__TASK TO COMPLETE__.
Wherever a line of the listing holds the string "powr", copy that line.

┌─ DATA FOR ANALYSIS

(* Let $h_1,h_2,h_3$ be integers with $p\nmid h_1h_2h_3$, let $e_1,e_2,e_3\in\{-1,1\}$, and assume $k_1,k_2,k_3>0$ with $k_1+k_2+k_3<d$. For $i=1,2,3$ let $\alpha_i\in\mathbb{F}_{q^{k_i}}$ have minimal polynomial $g_i$ over $\mathbb{F}_q$ of degree $u_i$. Then \[m:=\left\langle\psi(e_1h_1\mathrm{tr}_{k_1}f(\alpha_1)+e_2h_2\mathrm{tr}_{k_2}f(\alpha_2)+e_3h_3\mathrm{tr}_{k_3}f(\alpha_3))\right\rangle\] equals $1$ in each of the following cases: (i) $g_1=g_2=g_3$, $p\mid\frac{e_1h_1k_1+e_2h_2k_2+e_3h_3k_3}{u_1}$ and $p\nmid\frac{k_1k_2k_3}{u_1u_2u_3}$; (ii) for some permutation $(j_1,j_2,j_3)$ of $(1,2,3)$: $g_{j_1}=g_{j_2}$, $p\mid\frac{e_{j_1}h_{j_1}k_{j_1}+e_{j_2}h_{j_2}k_{j_2}}{u_{j_1}}$, $p\nmid\frac{k_{j_1}k_{j_2}}{u_{j_1}u_{j_2}}$, and $p\mid\frac{k_{j_3}}{u_{j_3}}$; (iii) $p\mid\frac{k_i}{u_i}$ for $i=1,2,3$. Otherwise $m=0$.
   Context: $p$ odd prime, $q$ a power of $p$, $d$ a positive integer not divisible by $p$. $\mathrm{tr}_n:\mathbb{F}_{q^n}\to\mathbb{F}_p$ absolute trace; $\psi$ a fixed nontrivial additive character of $\mathbb{F}_p$. $\langle\cdot\rangle$ is the uniform average over $f\in\mathcal{F}_d'=\{a_dX^d+\dots+a_0\in\mathbb{F}_q[X]:a_d\ne0,\ a_{pk}=0\text{ for }1\le k\le\lfloor d/p\rfloor\}$. *)

theory Defs
  imports Complex_Main "HOL-Computational_Algebra.Polynomial"
begin

(* The subfield F_m = {x. x^m = x} of an ambient finite field (m a power of the characteristic). *)
definition subfield_of_card :: "nat \<Rightarrow> 'a::field set" where
  "subfield_of_card m = {x. x ^ m = x}"

(* Absolute trace tr_n : F_{q^n} -> F_p, where q = p^r:  tr_n(x) = sum_{j < r n} x^(p^j). *)
definition abs_tr :: "nat \<Rightarrow> nat \<Rightarrow> nat \<Rightarrow> 'a::field \<Rightarrow> 'a" where
  "abs_tr p r n x = (\<Sum>j < r * n. x ^ (p ^ j))"
theorem lemma5:
  "\<exists>C>0. \<exists>C'>0. \<forall>(P :: 'a measure) (n::nat) (d::nat) (k::nat) (\<sigma>::real) (b::real)
       (M :: real mat) (\<Sigma> :: real mat) (B :: 'a \<Rightarrow> real mat).
     ( prob_space P \<and> n \<ge> 1 \<and> d \<ge> 2 \<and>
       M \<in> carrier_mat n d \<and> \<Sigma> \<in> carrier_mat d d \<and>
       (\<forall>\<omega>\<in>space P. B \<omega> \<in> carrier_mat n d) \<and>
       \<comment> \<open>rows i.i.d.\<close>
       prob_space.indep_vars P (\<lambda>_. PiM {..<d} (\<lambda>_. borel)) (row_rv B d) {..<n} \<and>
       (\<forall>i<n. distr P (PiM {..<d} (\<lambda>_. borel)) (row_rv B d i)
                = distr P (PiM {..<d} (\<lambda>_. borel)) (row_rv B d 0)) \<and>
       \<comment> \<open>zero mean and covariance \<Sigma>\<close>
       (\<forall>i<n. \<forall>j<d. integrable P (\<lambda>\<omega>. B \<omega> $$ (i, j)) \<and>
                     prob_space.expectation P (\<lambda>\<omega>. B \<omega> $$ (i, j)) = 0) \<and>
       (\<forall>i<n. \<forall>j<d. \<forall>l<d. integrable P (\<lambda>\<omega>. B \<omega> $$ (i, j) * B \<omega> $$ (i, l)) \<and>
                     prob_space.expectation P (\<lambda>\<omega>. B \<omega> $$ (i, j) * B \<omega> $$ (i, l)) = \<Sigma> $$ (j, l)) \<and>
       \<comment> \<open>sub-Gaussian rows with parameter \<sigma>^2\<close>
       (\<forall>i<n. \<forall>u::nat \<Rightarrow> real. (\<Sum>j<d. (u j)\<^sup>2) = 1 \<longrightarrow>
            subgaussian P (\<lambda>\<omega>. \<Sum>j<d. u j * B \<omega> $$ (i, j)) (\<sigma>\<^sup>2)) \<and>
       \<comment> \<open>column norm bound on M\<close>
       norm_1to2 M \<le> b \<and>
       \<comment> \<open>k-sparse unit top eigenvector and positive eigengap\<close>
       (\<exists>v \<in> carrier_vec d. (\<Sum>j<d. (v $ j)\<^sup>2) = 1 \<and> card {j. j < d \<and> v $ j \<noteq> 0} \<le> k \<and>
            \<Sigma> *\<^sub>v v = eigenvalues_desc \<Sigma> ! 0 \<cdot>\<^sub>v v) \<and>
       eigenvalues_desc \<Sigma> ! 0 - eigenvalues_desc \<Sigma> ! 1 > 0 )
     \<longrightarrow>
     (let E = (\<lambda>\<omega>. (transpose_mat (B \<omega>) * B \<omega> - of_nat n \<cdot>\<^sub>m \<Sigma>)
                    + (transpose_mat M * M + transpose_mat M * B \<omega> + transpose_mat (B \<omega>) * M));
          t = C * \<sigma>\<^sup>2 * (sqrt (ln d / n) + ln d / n)
      in measure P {\<omega> \<in> space P.
            (1 / real n) * Max {\<bar>E \<omega> $$ (i, j)\<bar> | i j. i < d \<and> j < d}
              \<le> t + b\<^sup>2 / n + 2 * b / sqrt n * sqrt (t + Max {\<Sigma> $$ (i, i) | i. i < d})}
         \<ge> 1 - C' * real d powr (-10))"
proof (rule exI[of _ bernstein_const], rule conjI[OF _ exI[of _ "2 :: real"]], goal_cases)
  case 1
  show ?case
    by (rule bernstein_const_pos)
next
  case 2
  show ?case
  proof (intro conjI allI impI, simp, elim conjE, goal_cases)
    case (1 P n d k \<sigma> b M \<Sigma> B)
    interpret subgaussian_row_model P n d B \<Sigma> \<sigma>
      using 1(6,9,10,11)
      by (intro subgaussian_row_model.intro subgaussian_row_model_axioms.intro 1(1,5,7)) blast+
    show ?case
      using gram_error_prob[OF 1(2,3,4,12)] by (simp only: Let_def gram_error_def)
  qed
qed

end
lemma PbM_le_EoR_pow_dist:
  assumes M: "1 < M"
  shows "PbM n (prod_dist n D) \<le> EoR n (pow_dist M n D)"
  unfolding PbM_def EoR_def
proof (intro cSUP_mono online_alg_nonempty)
  show "bdd_above ((\<lambda>p. \<integral>w. alg_ratio n p w \<partial>pow_dist M n D) ` {p. online_alg n p})"
    using M integral_alg_ratio_pow_dist_le_1 by (intro bdd_aboveI2[where M=1]) auto
next
  fix q assume "q \<in> {p. online_alg n p}"
  then have q: "online_alg n q" by simp
  define p where "p = map_alg n (log M) q"
  have p: "online_alg n p"
    unfolding p_def using q by (intro online_alg_map_alg) auto
  have "(\<integral>w. alg_hit n q w \<partial>prod_dist n D) \<le> (\<integral>w. soft_hit n M q w \<partial>prod_dist n D)"
  proof (intro integral_mono_AE)
    show "integrable (prod_dist n D) (alg_hit n q)"
      using q measurable_alg_hit alg_hit_bounds by (intro integrable_prod_dist[where B=1])
    show "integrable (prod_dist n D) (soft_hit n M q)"
      using q M measurable_soft_hit soft_hit_bounds by (intro integrable_prod_dist[where B=1]) auto
    show "AE w in prod_dist n D. alg_hit n q w \<le> soft_hit n M q w"
      using AE_fmax_nonzero by eventually_elim (use M q alg_hit_le_soft_hit in auto)
  qed
  also have "\<dots> = (\<integral>w. soft_hit n M (map_alg n (\<lambda>x. M powr x) p) w \<partial>prod_dist n D)"
    using M q unfolding p_def soft_hit_def by (simp add: accept_prob_map_alg_inverse)
  also have "\<dots> = (\<integral>w. alg_ratio n p w \<partial>pow_dist M n D)"
    using M p by (simp add: integral_alg_ratio_pow_dist)
  finally show "\<exists>p\<in>{p. online_alg n p}.
      (\<integral>w. alg_hit n q w \<partial>prod_dist n D) \<le> (\<integral>w. alg_ratio n p w \<partial>pow_dist M n D)"
    using p by blast
qed

lemma EoR_pow_dist_le_PbM_add:
  assumes M: "1 \<le> M"
  shows "EoR n (pow_dist M n D)
    \<le> PbM n (prod_dist n D) + (\<integral>w. submax_mass n M w \<partial>prod_dist n D)"
  unfolding EoR_def
proof (intro cSUP_least online_alg_nonempty)
  fix p assume "p \<in> {p. online_alg n p}"
  then have p: "online_alg n p" by simp
  define q where "q = map_alg n (\<lambda>x. M powr x) p"
  have q: "online_alg n q"
    unfolding q_def using p by (intro online_alg_map_alg) auto
  have int_hit: "integrable (prod_dist n D) (alg_hit n q)"
    using q measurable_alg_hit alg_hit_bounds by (intro integrable_prod_dist[where B=1])
  have int_submax: "integrable (prod_dist n D) (submax_mass n M)"
    using M measurable_submax_mass submax_mass_bounds by (intro integrable_prod_dist[where B=n])
  have "(\<integral>w. alg_ratio n p w \<partial>pow_dist M n D) = (\<integral>w. soft_hit n M q w \<partial>prod_dist n D)"
    unfolding q_def using M p by (rule integral_alg_ratio_pow_dist)
  also have "\<dots> \<le> (\<integral>w. alg_hit n q w + submax_mass n M w \<partial>prod_dist n D)"
  proof (rule integral_mono)
    show "integrable (prod_dist n D) (soft_hit n M q)"
      using M q measurable_soft_hit soft_hit_bounds by (intro integrable_prod_dist[where B=1])
    show "integrable (prod_dist n D) (\<lambda>w. alg_hit n q w + submax_mass n M w)"
      using int_hit int_submax by (rule Bochner_Integration.integrable_add)
    show "soft_hit n M q w \<le> alg_hit n q w + submax_mass n M w" for w
      using M q by (rule soft_hit_le_alg_hit_add_submax_mass)
  qed
  also have "\<dots> = (\<integral>w. alg_hit n q w \<partial>prod_dist n D) + (\<integral>w. submax_mass n M w \<partial>prod_dist n D)"
    using int_hit int_submax by (rule Bochner_Integration.integral_add)
  also have "(\<integral>w. alg_hit n q w \<partial>prod_dist n D) \<le> PbM n (prod_dist n D)"
    unfolding PbM_def using q integral_alg_hit_le_1
    by (intro cSUP_upper bdd_aboveI2[where M=1]) auto
  finally show "(\<integral>w. alg_ratio n p w \<partial>pow_dist M n D)
      \<le> PbM n (prod_dist n D) + (\<integral>w. submax_mass n M w \<partial>prod_dist n D)"
    by simp
qed

lemma integral_submax_mass_tendsto_0:
  "((\<lambda>M. \<integral>w. submax_mass n M w \<partial>prod_dist n D) \<longlongrightarrow> 0) at_top"
proof -
  have "((\<lambda>M. \<integral>w. submax_mass n M w \<partial>prod_dist n D) \<longlongrightarrow> (\<integral>w. 0 \<partial>prod_dist n D)) at_top"
  proof (rule integral_dominated_convergence_at_top[where w="\<lambda>_. real n"])
    show "submax_mass n M \<in> borel_measurable (prod_dist n D)" for M
      using measurable_submax_mass by (rule measurable_prod_dist)
    show "\<forall>\<^sub>F M in at_top. AE w in prod_dist n D. norm (submax_mass n M w) \<le> real n"
      using eventually_ge_at_top[of "1::real"] by eventually_elim (simp add: submax_mass_bounds)
    show "AE w in prod_dist n D. ((\<lambda>M. submax_mass n M w) \<longlongrightarrow> 0) at_top"
      using submax_mass_tendsto_0 by simp
  qed simp_all
  then show ?thesis by simp
qed
lemma card_nbhd_inter_dist_set_cart_prod:
  assumes s2: "simple_graph V2 E2" and c1: "connected_graph V1 E1" and c2: "connected_graph V2 E2"
    and uv: "u \<in> V1" "v \<in> V1" and w: "w \<in> V2" and fin1: "finite V1"
  shows "card (nbhd (V1 \<times> V2) (cart_prod_adj E1 E2) (v, w) \<inter> dist_set (V1 \<times> V2) (cart_prod_adj E1 E2) (u, w) k)
    = card (nbhd V1 E1 v \<inter> dist_set V1 E1 u k) + (if k = Suc (gdist V1 E1 u v) then card (nbhd V2 E2 w) else 0)"
proof -
  let ?A = "(\<lambda>x. (x, w)) ` (nbhd V1 E1 v \<inter> dist_set V1 E1 u k)"
  let ?B = "if k = Suc (gdist V1 E1 u v) then Pair v ` nbhd V2 E2 w else {}"
  have horizontal: "gdist (V1 \<times> V2) (cart_prod_adj E1 E2) (u, w) (x, w) = gdist V1 E1 u x" if "x \<in> V1" for x
    using gdist_cart_prod[OF c1 c2 uv(1) that w w] w by simp
  have vertical: "gdist (V1 \<times> V2) (cart_prod_adj E1 E2) (u, w) (v, y) = Suc (gdist V1 E1 u v)"
    if "y \<in> nbhd V2 E2 w" for y
    using that gdist_cart_prod[OF c1 c2 uv w, of y] gdist_adj[OF s2 c2] by (simp add: nbhd_def)
  have "nbhd (V1 \<times> V2) (cart_prod_adj E1 E2) (v, w) \<inter> dist_set (V1 \<times> V2) (cart_prod_adj E1 E2) (u, w) k
      = ?A \<union> ?B"
    unfolding nbhd_cart_prod[OF uv(2) w]
    using horizontal vertical uv w by (auto simp: dist_set_def nbhd_def)
  moreover have "?A \<inter> ?B = {}" using simple_graph_irrefl[OF s2] by (auto simp: nbhd_def)
  moreover have "finite ?A" "finite ?B"
    using fin1 s2 unfolding simple_graph_def nbhd_def by auto
  moreover have "card ?A = card (nbhd V1 E1 v \<inter> dist_set V1 E1 u k)"
    by (simp add: card_image inj_on_def)
  moreover have "card ?B = (if k = Suc (gdist V1 E1 u v) then card (nbhd V2 E2 w) else 0)"
    by (simp add: card_image inj_on_def)
  ultimately show ?thesis by (simp add: card_Un_disjoint)
qed

lemma distance_regular_cart_prod_factor:
  assumes s2: "simple_graph V2 E2" and c1: "connected_graph V1 E1" and c2: "connected_graph V2 E2"
    and fin1: "finite V1" and dr: "distance_regular (V1 \<times> V2) (cart_prod_adj E1 E2)"
  shows "distance_regular V1 E1"
  unfolding distance_regular_def Let_def
proof (intro conjI[OF c1] ballI impI)
  fix u v u' v' assume uv: "u \<in> V1" "v \<in> V1" "u' \<in> V1" "v' \<in> V1"
    and eq: "gdist V1 E1 u v = gdist V1 E1 u' v'"
  obtain w where w: "w \<in> V2" using c2 unfolding connected_graph_def by blast
  let ?i = "gdist V1 E1 u v"
  have gdist_lift: "gdist (V1 \<times> V2) (cart_prod_adj E1 E2) (u, w) (v, w) = ?i"
    "gdist (V1 \<times> V2) (cart_prod_adj E1 E2) (u', w) (v', w) = ?i"
    using gdist_cart_prod[OF c1 c2 _ _ w w] uv eq w by auto
  have "(u, w) \<in> V1 \<times> V2" "(v, w) \<in> V1 \<times> V2" "(u', w) \<in> V1 \<times> V2" "(v', w) \<in> V1 \<times> V2"
    using uv w by auto
  note dr[unfolded distance_regular_def Let_def, THEN conjunct2, rule_format, OF this,
      unfolded gdist_lift card_nbhd_inter_dist_set_cart_prod[OF s2 c1 c2 uv(1,2) w fin1]
        card_nbhd_inter_dist_set_cart_prod[OF s2 c1 c2 uv(3,4) w fin1]]
  then show "card (nbhd V1 E1 v \<inter> dist_set V1 E1 u (?i - 1)) = card (nbhd V1 E1 v' \<inter> dist_set V1 E1 u' (?i - 1)) \<and>
      card (nbhd V1 E1 v \<inter> dist_set V1 E1 u ?i) = card (nbhd V1 E1 v' \<inter> dist_set V1 E1 u' ?i) \<and>
      card (nbhd V1 E1 v \<inter> dist_set V1 E1 u (Suc ?i)) = card (nbhd V1 E1 v' \<inter> dist_set V1 E1 u' (Suc ?i))"
    using eq by simp
qed
(* Let $\mathbb F$ be any field, $n\ge k>1$, let $\mathcal K\subseteq M_{n\times k}(\mathbb F)$ be a linear variety, let $B^*\subseteq[n]\times[k]$ be a cobasis of $\mathcal M(\mathcal K)$, let $1\le j'\le k$ be such that $B^*\cap([n]\times\{j'\})=\varnothing$, let $1\le i'\le n$ and $c_1,\dots,c_n\in\mathbb F$. Put $$\mathcal K'=\{X(i'|j') : X\in\mathcal K,\ X_{i\,j'}=c_i\text{ for all }1\le i\le n\}\subseteq M_{(n-1)\times(k-1)}(\mathbb F).$$ Then: (a) $\mathcal K'$ is a linear variety; (b) $\operatorname{codim}(\mathcal K')\le\operatorname{codim}(\mathcal K)-|B^*\cap(\{i'\}\times[k])|$; (c) if ${B'}^*$ is a cobasis of $\mathcal M(\mathcal K')$, then $\big(B^*\cap(\{i'\}\times[k])\big)\cup\iota({B'}^* )$ is a coindependent set of $\mathcal M(\mathcal K)$; (d) if $\det_{n,k}(X)=0$ for all $X\in\mathcal K$ and $c_i=\delta_{i\,i'}$ for all $i$, then $\det_{n-1,k-1}(X')=0$ for all $X'\in\mathcal K'$.
   Context: $X(i'|j')$ denotes the matrix obtained from $X$ by deleting row $i'$ and column $j'$. The map $\iota=\iota^{(i',j')}:[n-1]\times[k-1]\to[n]\times[k]$ is $\iota(a,b)=(a',b')$ with $a'=a+1$ if $a\ge i'$ and $a'=a$ otherwise, $b'=b+1$ if $b\ge j'$ and $b'=b$ otherwise (it sends the position of an entry of $X(i'|j')$ to its position in $X$). A linear variety is a nonempty set $\mathbf s+V$ with $V$ a linear subspace (uniquely determined); codimension = ambient dimension minus $\dim V$ (ambient spaces $M_{n\times k}$ and $M_{(n-1)\times(k-1)}$ respectively). Identify $M_{n\times k}(\mathbb F)$ with $\mathbb F^{[n]\times[k]}$. Matroid $\mathcal M(\mathcal K)$ of $\mathcal K=\mathbf s+V\subseteq\mathbb F^E$: matroid on $E$ with rank function $r(S)=\dim\operatorname{span}\{x_e|_V:e\in S\}$, $x_e$ coordinate functionals. Cobasis = complement of a basis; coindependent set = subset of a cobasis. Cullis' determinant: $\det_{n,k}(X)=\sum_{c}\operatorname{sgn}(c)\det(X[c|))$, sum over $k$-subsets $c=\{c(1)<\dots<c(k)\}$ of $[n]$, $X[c|)$ the submatrix of rows in $c$, $\operatorname{sgn}(c)=(-1)^{\sum_\alpha(c(\alpha)-\alpha)}$. *)

theory Defs
  imports Main "HOL.Vector_Spaces" "HOL-Library.Function_Algebras" "HOL-Combinatorics.Permutations"
begin

text \<open>Elements of \<open>F^E\<close> (and matrices in \<open>M_{n x k}(F)\<close>, identified with
  \<open>F^{[n] x [k]}\<close>) are represented as functions \<open>nat \<times> nat \<Rightarrow> 'a\<close> vanishing
  outside the index set \<open>E\<close>.\<close>

definition supp_on :: "(nat \<times> nat) set \<Rightarrow> (nat \<times> nat \<Rightarrow> 'a::zero) set" where
  "supp_on E = {f. \<forall>x. x \<notin> E \<longrightarrow> f x = 0}"

definition idx :: "nat \<Rightarrow> nat \<Rightarrow> (nat \<times> nat) set" where
  "idx n k = {1..n} \<times> {1..k}"

definition fscale :: "'a::field \<Rightarrow> ('b \<Rightarrow> 'a) \<Rightarrow> ('b \<Rightarrow> 'a)" where
  "fscale c f = (\<lambda>x. c * f x)"

definition fdim :: "('b \<Rightarrow> 'a::field) set \<Rightarrow> nat" where
  "fdim A = vector_space.dim fscale A"

definition lin_subspace :: "(nat \<times> nat) set \<Rightarrow> (nat \<times> nat \<Rightarrow> 'a::field) set \<Rightarrow> bool" where
  "lin_subspace E V \<longleftrightarrow> V \<subseteq> supp_on E \<and> 0 \<in> V \<and>
     (\<forall>u\<in>V. \<forall>v\<in>V. u + v \<in> V) \<and> (\<forall>c. \<forall>v\<in>V. fscale c v \<in> V)"

definition linear_variety :: "(nat \<times> nat) set \<Rightarrow> (nat \<times> nat \<Rightarrow> 'a::field) set \<Rightarrow> bool" where
  "linear_variety E K \<longleftrightarrow>
     (\<exists>s V. s \<in> supp_on E \<and> lin_subspace E V \<and> K = (\<lambda>v. s + v) ` V)"

text \<open>The (uniquely determined) direction space \<open>V\<close> of \<open>K = s + V\<close> is \<open>K - K\<close>.\<close>
definition direction :: "(nat \<times> nat \<Rightarrow> 'a::field) set \<Rightarrow> (nat \<times> nat \<Rightarrow> 'a) set" where
  "direction K = {x - y |x y. x \<in> K \<and> y \<in> K}"

definition codim :: "(nat \<times> nat) set \<Rightarrow> (nat \<times> nat \<Rightarrow> 'a::field) set \<Rightarrow> nat" where
  "codim E K = card E - fdim (direction K)"

text \<open>Matroid \<open>M(K)\<close>: rank of \<open>S\<close> is the dimension of the span of the coordinate
  functionals \<open>x_e\<close>, \<open>e \<in> S\<close>, restricted to \<open>V\<close> (extended by 0 off \<open>V\<close>).\<close>
definition coord_restr :: "(nat \<times> nat \<Rightarrow> 'a::field) set \<Rightarrow> nat \<times> nat \<Rightarrow> ((nat \<times> nat \<Rightarrow> 'a) \<Rightarrow> 'a)" where
  "coord_restr V e = (\<lambda>v. if v \<in> V then v e else 0)"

└─

__REPLY__.
         \<ge> 1 - C' * real d powr (-10))"
  also have "\<dots> = (\<integral>w. soft_hit n M (map_alg n (\<lambda>x. M powr x) p) w \<partial>prod_dist n D)"
  define q where "q = map_alg n (\<lambda>x. M powr x) p"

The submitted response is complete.